Project sets sail for a third year

3rd March 2006 at 00:00
The Royal Yachting Association's initiative to introduce city children to the fun of sailing is reaching out to hundreds countrywide, Roddy Mackenzie reports.

Children aged 8 to 14 are finding their sea legs thanks to the Sailing in the City initiative launched by the Royal Yachting Association Scotland two years ago.

The programme, initially designed to give city children the chance to get on the water, has been a huge success. The project's third year will be launched on April 1 at Victoria Park in Glasgow and then will spread out to new parts of the country.

It is estimated that 2,600 children have now been through the introductory taster sessions. These cover such basics as paddling, steering, boat balancing and, if the wind is favourable, sail handling.

Of the 1,600 children that went through last year, over 300 have advanced to stage one and over 100 to stage two.

Stage one - held as soon after the taster sessions as practicable - gives instruction on such things as how to rig a dinghy, launch and tie knots.

Stage two offers more in-depth work, including stopping, turning, crewing and how to deal with capsize.

Thereafter, a follow-up mechanism encourages children who have been through all the courses to join a sailing programme and go along to a local club.

RYA Scotland has been keen to show that sailing is not an elitist sport and is available to all.

It was evident when the programme was being piloted in 2004 that RYA Scotland development officer Jane Scott needed more hands on board. Suzie Blair was recruited by the governing body to co-ordinate the programme last summer.

There are now three boat trailers (18 boats in total) available for the project and there is a much bigger pool of instructors available to teach the children, though more are being sought.

"Although we started off trying to bring the sport to inner city children, now we are attempting to spread it as wide as possible," says Ms Blair.

Sessions have been held throughout Scotland, including North Uist and the Isle of Lewis.

"We spent a week on Coll last year, where we took the primary children during the day and the adults at night. That was a huge success.

"We still work with inner city children. In Easterhouse, we use Auchinlea Park, which is one of the smaller areas, really just a boating pond.

"The children really like it. I was back there recently and a couple of children told me how much they enjoyed it and they'd been watching Ellen MacArthur on television," Ms Blair says.

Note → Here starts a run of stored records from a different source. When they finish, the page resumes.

text \<open>Only pairs joined inside \<open>C\<close> contribute, and such a pair lies in a single
  component of \<open>C\<close>, whose worth counts it exactly once.\<close>

lemma restricted_worth_tree:
  assumes T: "is_tree V E" and C: "C \<subseteq> V"
  shows "restricted_worth (dp_worth \<delta> E) E C = (\<Sum>(p, q)\<in>V \<times> V - Id.
           dpow \<delta> (gdist E V p q) * unanimity_game (set (tree_path V E p q)) C)"
proof -
  let ?R = "conf_equiv E C"
  have R: "equiv C ?R" by (rule equiv_conf_equiv)
  have fin: "finite C" using is_tree_finite[OF T] C by (rule finite_subset[rotated])
  have "restricted_worth (dp_worth \<delta> E) E C = (\<Sum>B\<in>C//?R. dp_worth \<delta> E B)"
    by (simp add: restricted_worth_def conf_partition_eq_quotient)
  also have "\<dots> = (\<Sum>B\<in>C//?R. \<Sum>(p, q)\<in>V \<times> V - Id.
      dpow \<delta> (gdist E V p q) * unanimity_game (set (tree_path V E p q)) B)"
  proof (rule sum.cong[OF refl])
    fix B assume "B \<in> C//?R"
    then have "B \<subseteq> V" using in_quotient_imp_subset[OF R] C by blast
    then show "dp_worth \<delta> E B = (\<Sum>(p, q)\<in>V \<times> V - Id.
        dpow \<delta> (gdist E V p q) * unanimity_game (set (tree_path V E p q)) B)"
      by (rule dp_worth_tree[OF T])
  qed
  also have "\<dots> = (\<Sum>(p, q)\<in>V \<times> V - Id.
      dpow \<delta> (gdist E V p q) * (\<Sum>B\<in>C//?R. unanimity_game (set (tree_path V E p q)) B))"
    unfolding sum_distrib_left case_prod_unfold by (rule sum.swap)
  also have "\<dots> = (\<Sum>(p, q)\<in>V \<times> V - Id.
      dpow \<delta> (gdist E V p q) * unanimity_game (set (tree_path V E p q)) C)"
  proof (rule sum.cong[OF refl])
    fix x assume "x \<in> V \<times> V - Id"
    then obtain p q where x: "x = (p, q)" "p \<in> V" "q \<in> V" by auto
    let ?P = "set (tree_path V E p q)"
    have "\<exists>B\<in>C//?R. ?P \<subseteq> B" if "?P \<subseteq> C"
    proof
      show "?R `` {p} \<in> C//?R"
        using that ends_in_tree_path[OF T x(2,3)] by (blast intro: quotientI)
      show "?P \<subseteq> ?R `` {p}"
        using tree_path_within_conf_class[OF T C x(2,3) that] .
    qed
    moreover have "?P \<noteq> {}" using ends_in_tree_path[OF T x(2,3)] by auto
    ultimately show "(case x of (p, q) \<Rightarrow>
        dpow \<delta> (gdist E V p q) * (\<Sum>B\<in>C//?R. unanimity_game (set (tree_path V E p q)) B))
      = (case x of (p, q) \<Rightarrow>
        dpow \<delta> (gdist E V p q) * unanimity_game (set (tree_path V E p q)) C)"
      using sum_quotient_unanimity_game[OF R fin] by (simp add: x)
  qed
  finally show ?thesis .
qed

section \<open>The Shapley value\<close>

lemma shapley_cong:
  assumes "i \<in> N" "\<And>S. S \<subseteq> N \<Longrightarrow> u S = u' S"
  shows "shapley i N u = shapley i N u'"
  unfolding shapley_def
proof (intro sum.cong refl)
  fix S assume "S \<in> Pow (N - {i})"
  then have "S \<subseteq> N" "S \<union> {i} \<subseteq> N" using assms(1) by auto
  then show "fact (card S) * fact (card N - card S - 1) / fact (card N) * (u (S \<union> {i}) - u S)
      = fact (card S) * fact (card N - card S - 1) / fact (card N) * (u' (S \<union> {i}) - u' S)"
    using assms(2) by simp
qed

lemma shapley_sum:
  "shapley i N (\<lambda>S. \<Sum>x\<in>X. c x * u x S) = (\<Sum>x\<in>X. c x * shapley i N (u x))"
  unfolding shapley_def
  by (simp add: sum_distrib_left sum_subtractf[symmetric] algebra_simps
      sum.swap[of _ X])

"The kids really take to it and we can show that it is not just an upper class sport."

The project has not been without teething problems. It is hard work getting the boats to locations, Ms Blair says. "Sometimes the locations are not up to scratch. We arrived at one where we were only ankle deep in water.

"Last year, we were also plagued by strong winds wherever we went and that caused problems but we always managed to cope.

"The instructors are well prepared and can still play games with the children and give them experience of the water, no matter how shallow it is. We are adaptable; that is one of the strengths of the programme."

Safety is paramount and there are always at least three instructors at every venue, Ms Blair says. "There are no risks taken with the children.

"Even if they choose not to take sailing any further, they will have learnt important safety guidelines on the water through the taster sessions."

Ms Blair continues: "There is no doubt that it has introduced a lot of children to sailing who would not normally have been given the chance. A lot of them would never have given a second thought to the sport but, now it has been offered, they have shown they are keen to pursue it."

RYA Scotland is working on ways to monitor more closely the progress of children who go on to pursue the sport more seriously.

"It is evident from an early age which children have a natural ability," Ms Blair says.

"One problem we are hoping to address is how to monitor children's progress through the scheme. Short of stamping them on the hand or electronically tagging them, there is no way of looking at how children go on from Sailing in the City to sailing in later life.

"But things have worked very well initially and it's a case of where we take it on from here.

"We have just submitted a proposal to SportScotland for more funding.

"We're desperate for commercial sponsorship as well, to enable us to safeguard the future."